**YOUR ASSIGNMENT**
From the entries that follow, reproduce exactly and only the lines from the line with "w1 = (\<chi>" to the line with "A *v v) = det", endpoints included.

(Data records)
=-=-=

(* Let $3\le k\le d+1$. For $x_1,\ldots,x_k\in\mathbb S^{d-1}$ write $u_{i,j}=\langle x_i,x_j\rangle$, let $W$ be the Gram matrix of $x_3,\ldots,x_k$, $\operatorname{adj}(W)$ its adjugate, and $w_h=(u_{h,3},\ldots,u_{h,k})^T$ for $h=1,2$. Then the kernel $$Q_{k,1}^d(x_1,\ldots,x_k)=\det(W)\,u_{1,2}-w_1^T\operatorname{adj}(W)\,w_2$$ (which equals $\det(W)\langle y_1,y_2\rangle$, where $y_1,y_2$ are the orthogonal projections of $x_1,x_2$ onto the orthogonal complement of $\operatorname{span}\{x_3,\ldots,x_k\}$) is $k$-positive definite, and $I_{Q_{k,1}^d}$ is minimized over $\mathcal P(\mathbb S^{d-1})$ by $\sigma$.
   Context: $\mathbb S^{d-1}$ is the unit sphere in $\mathbb R^d$, $\mathcal P(\mathbb S^{d-1})$ the Borel probability measures, $\sigma$ the normalized surface measure; $I_K(\mu)=\int\cdots\int K(x_1,\ldots,x_k)\,d\mu(x_1)\cdots d\mu(x_k)$. A continuous kernel $K:(\mathbb S^{d-1})^k\to\mathbb R$ symmetric in its first two variables is $k$-positive definite if for all fixed $z_3,\ldots,z_k\in\mathbb S^{d-1}$ and every finite signed Borel measure $\nu$ on $\mathbb S^{d-1}$, $\int\int K(x,y,z_3,\ldots,z_k)\,d\nu(x)d\nu(y)\ge0$. *)

theory Defs
  imports "HOL-Analysis.Analysis" "HOL-Probability.Probability"
begin

text \<open>Adjugate (classical adjoint) of a square matrix: entry (i,j) is the (j,i) cofactor,
  i.e. the determinant of the matrix obtained by replacing row j by the i-th unit row.\<close>
definition adjugate :: "real^'n^'n \<Rightarrow> real^'n^'n" where
  "adjugate A = (\<chi> i j. det (\<chi> r. if r = j then axis i 1 else A $ r))"

text \<open>Normalized surface measure on the unit sphere of a Euclidean space, realised as the
  cone measure: push forward of the normalized Lebesgue measure on the unit ball under
  radial projection.\<close>
definition sphere_measure :: "'a::euclidean_space measure" where
  "sphere_measure = distr (uniform_measure lborel (ball 0 1)) borel sgn"

definition sphere_prob :: "'a::euclidean_space measure \<Rightarrow> bool" where
  "sphere_prob \<mu> \<longleftrightarrow> sets \<mu> = sets borel \<and> prob_space \<mu> \<and> emeasure \<mu> (sphere 0 1) = 1"

text \<open>Finite (nonnegative) Borel measures on the sphere; a finite signed Borel measure is
  a difference of two such (Jordan decomposition).\<close>
definition sphere_finite :: "'a::euclidean_space measure \<Rightarrow> bool" where
  "sphere_finite \<nu> \<longleftrightarrow> sets \<nu> = sets borel \<and> finite_measure \<nu> \<and> emeasure \<nu> (- sphere 0 1) = 0"

text \<open>A k-point kernel K(x_1,x_2,z_3,...,z_k), the last k-2 arguments indexed by the
  finite type 'k (so k = CARD('k) + 2).\<close>
definition k_pos_def :: "('a::euclidean_space \<Rightarrow> 'a \<Rightarrow> ('k::finite \<Rightarrow> 'a) \<Rightarrow> real) \<Rightarrow> bool" where
  "k_pos_def K \<longleftrightarrow>
     continuous_on (sphere 0 1 \<times> sphere 0 1 \<times> {z. \<forall>i. z i \<in> sphere 0 1}) (\<lambda>(x, y, z). K x y z)
   \<and> (\<forall>x y z. K x y z = K y x z)
   \<and> (\<forall>z. (\<forall>i. z i \<in> sphere 0 1) \<longrightarrow>
        (\<forall>\<nu>1 \<nu>2. sphere_finite \<nu>1 \<and> sphere_finite \<nu>2 \<longrightarrow>
           0 \<le> (\<integral>x. (\<integral>y. K x y z \<partial>\<nu>1) \<partial>\<nu>1) - (\<integral>x. (\<integral>y. K x y z \<partial>\<nu>2) \<partial>\<nu>1)
              - (\<integral>x. (\<integral>y. K x y z \<partial>\<nu>1) \<partial>\<nu>2) + (\<integral>x. (\<integral>y. K x y z \<partial>\<nu>2) \<partial>\<nu>2)))"

definition kernel_energy :: "('a::euclidean_space \<Rightarrow> 'a \<Rightarrow> ('k::finite \<Rightarrow> 'a) \<Rightarrow> real) \<Rightarrow> 'a measure \<Rightarrow> real" where
  "kernel_energy K \<mu> = (\<integral>x. (\<integral>y. (\<integral>z. K x y z \<partial>(PiM UNIV (\<lambda>_. \<mu>))) \<partial>\<mu>) \<partial>\<mu>)"

definition Q_kernel :: "'a::euclidean_space \<Rightarrow> 'a \<Rightarrow> ('k::finite \<Rightarrow> 'a) \<Rightarrow> real" where
  "Q_kernel x1 x2 z =
     (let W = (\<chi> i j. z i \<bullet> z j) :: real^'k^'k;
          w1 = (\<chi> i. x1 \<bullet> z i) :: real^'k;
          w2 = (\<chi> i. x2 \<bullet> z i) :: real^'k
      in det W * (x1 \<bullet> x2) - w1 \<bullet> (adjugate W *v w2))"

end

theory Submission
  imports Defs
begin

text \<open>When the Gram matrix W of the z i is invertible, Cramer's rule shows
  Q x y z = det W * ((x - P x) \<bullet> (y - P y)) with P the orthogonal projection onto the span
  of the z i; otherwise Q vanishes. As det W \<ge> 0, each Q(-,-,z) is a symmetric positive
  semidefinite bilinear form. Integrating a bilinear form against two measures only sees their
  barycentres m1, m2, so the k-positivity expression equals Q (m1 - m2) (m1 - m2) z \<ge> 0, and
  I_Q(\<mu>) is the integral of Q m m z \<ge> 0 with m the barycentre of \<mu>. The surface measure is
  invariant under x \<mapsto> -x, so its barycentre and hence its energy vanish.\<close>

section \<open>Adjugates and positive semidefinite matrices\<close>

lemma matrix_mult_adjugate: "A ** adjugate A = det A *\<^sub>R mat 1"
  for A :: "real^'n^'n"
proof -
  have "(\<Sum>k\<in>UNIV. A$i$k * adjugate A $ k $ j) = (if i = j then det A else 0)" for i j
  proof -
    have "(\<Sum>k\<in>UNIV. A$i$k * adjugate A $ k $ j) =
       (\<Sum>k\<in>UNIV. det (\<chi> r. if r = j then A$i$k *s axis k 1 else A $ r))"
      unfolding adjugate_def by (simp add: det_row_mul)
    also have "\<dots> = det (\<chi> r. if r = j then (\<Sum>k\<in>UNIV. A$i$k *s axis k 1) else A $ r)"
      by (rule det_linear_row_sum[symmetric]) simp
    also have "(\<Sum>k\<in>UNIV. A$i$k *s axis k 1) = A$i"
      by (simp add: vec_eq_iff axis_def sum.delta' if_distrib cong: if_cong)
    also have "det (\<chi> r. if r = j then A$i else A $ r) = (if i = j then det A else 0)"
    proof (cases "i = j")
      case True
      then have "(\<chi> r. if r = j then A$i else A $ r) = A" by (simp add: vec_eq_iff)
      with True show ?thesis by simp
    next
      case False
      then show ?thesis
        by (subst det_identical_rows[of i j]) (auto simp: row_def vec_eq_iff)
    qed
    finally show ?thesis .
  qed
  then show ?thesis by (simp add: matrix_matrix_mult_def mat_def vec_eq_iff)
qed

lemma matrix_vector_mult_adjugate: "A *v (adjugate A *v v) = det A *\<^sub>R v"
  for A :: "real^'n^'n"
proof -
  have "A *v (adjugate A *v v) = (det A *\<^sub>R mat 1) *v v"
    by (simp add: matrix_vector_mul_assoc matrix_mult_adjugate)
  also have "\<dots> = det A *\<^sub>R v"
    by (metis scaleR_matrix_vector_assoc matrix_vector_mul_lid)
  finally show ?thesis .
qed

lemma positive_definite_imp_det_nonzero:
  fixes A :: "real^'n^'n"
  assumes "\<And>v. v \<noteq> 0 \<Longrightarrow> 0 < v \<bullet> (A *v v)"
  shows "det A \<noteq> 0"
proof -
  have "\<forall>v. A *v v = 0 \<longrightarrow> v = 0"
    using assms by force
  then show ?thesis
    using matrix_left_invertible_ker invertible_left_inverse invertible_det_nz by blast
qed

text \<open>Deform A linearly into the identity: along the way the matrix stays positive definite,
  so its determinant never vanishes and keeps the sign of det (mat 1) = 1.\<close>
lemma positive_semidefinite_imp_det_nonneg:
  fixes A :: "real^'n^'n"
  assumes psd: "\<And>v. 0 \<le> v \<bullet> (A *v v)"
  shows "0 \<le> det A"
proof (rule ccontr)
  assume "\<not> 0 \<le> det A"
  define f where "f s = det (s *\<^sub>R A + (1 - s) *\<^sub>R mat 1)" for s :: real
  have "continuous_on {0..1} f"
    unfolding f_def det_def by (auto intro!: continuous_intros)
  moreover have "f 0 = 1" "f 1 = det A"
    by (simp_all add: f_def)
  ultimately obtain s where s: "0 \<le> s" "s \<le> 1" "f s = 0"
    using IVT2'[of f 1 0 0] \<open>\<not> 0 \<le> det A\<close> by auto
  have "s \<noteq> 1"
    using s(3) \<open>f 1 = det A\<close> \<open>\<not> 0 \<le> det A\<close> by force
  with s(2) have "s < 1"
    by simp
  have "0 < v \<bullet> ((s *\<^sub>R A + (1 - s) *\<^sub>R mat 1) *v v)" if "v \<noteq> 0" for v
  proof -
    have "v \<bullet> ((s *\<^sub>R A + (1 - s) *\<^sub>R mat 1) *v v) = s * (v \<bullet> (A *v v)) + (1 - s) * (v \<bullet> v)"
      by (simp add: matrix_vector_mult_add_rdistrib inner_add_right
          flip: scaleR_matrix_vector_assoc)
    moreover have "0 < v \<bullet> v"
      using that by simp
    ultimately show ?thesis
      using psd[of v] s(1) \<open>s < 1\<close> by (simp add: add_nonneg_pos)
  qed
  then have "f s \<noteq> 0"
    unfolding f_def by (rule positive_definite_imp_det_nonzero)
  with s(3) show False
    by simp
qed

=-=-=

**EXPECTED ANSWER**
          w1 = (\<chi> i. x1 \<bullet> z i) :: real^'k;
          w2 = (\<chi> i. x2 \<bullet> z i) :: real^'k
      in det W * (x1 \<bullet> x2) - w1 \<bullet> (adjugate W *v w2))"

end

theory Submission
  imports Defs
begin

text \<open>When the Gram matrix W of the z i is invertible, Cramer's rule shows
  Q x y z = det W * ((x - P x) \<bullet> (y - P y)) with P the orthogonal projection onto the span
  of the z i; otherwise Q vanishes. As det W \<ge> 0, each Q(-,-,z) is a symmetric positive
  semidefinite bilinear form. Integrating a bilinear form against two measures only sees their
  barycentres m1, m2, so the k-positivity expression equals Q (m1 - m2) (m1 - m2) z \<ge> 0, and
  I_Q(\<mu>) is the integral of Q m m z \<ge> 0 with m the barycentre of \<mu>. The surface measure is
  invariant under x \<mapsto> -x, so its barycentre and hence its energy vanish.\<close>

section \<open>Adjugates and positive semidefinite matrices\<close>

lemma matrix_mult_adjugate: "A ** adjugate A = det A *\<^sub>R mat 1"
  for A :: "real^'n^'n"
proof -
  have "(\<Sum>k\<in>UNIV. A$i$k * adjugate A $ k $ j) = (if i = j then det A else 0)" for i j
  proof -
    have "(\<Sum>k\<in>UNIV. A$i$k * adjugate A $ k $ j) =
       (\<Sum>k\<in>UNIV. det (\<chi> r. if r = j then A$i$k *s axis k 1 else A $ r))"
      unfolding adjugate_def by (simp add: det_row_mul)
    also have "\<dots> = det (\<chi> r. if r = j then (\<Sum>k\<in>UNIV. A$i$k *s axis k 1) else A $ r)"
      by (rule det_linear_row_sum[symmetric]) simp
    also have "(\<Sum>k\<in>UNIV. A$i$k *s axis k 1) = A$i"
      by (simp add: vec_eq_iff axis_def sum.delta' if_distrib cong: if_cong)
    also have "det (\<chi> r. if r = j then A$i else A $ r) = (if i = j then det A else 0)"
    proof (cases "i = j")
      case True
      then have "(\<chi> r. if r = j then A$i else A $ r) = A" by (simp add: vec_eq_iff)
      with True show ?thesis by simp
    next
      case False
      then show ?thesis
        by (subst det_identical_rows[of i j]) (auto simp: row_def vec_eq_iff)
    qed
    finally show ?thesis .
  qed
  then show ?thesis by (simp add: matrix_matrix_mult_def mat_def vec_eq_iff)
qed

lemma matrix_vector_mult_adjugate: "A *v (adjugate A *v v) = det A *\<^sub>R v"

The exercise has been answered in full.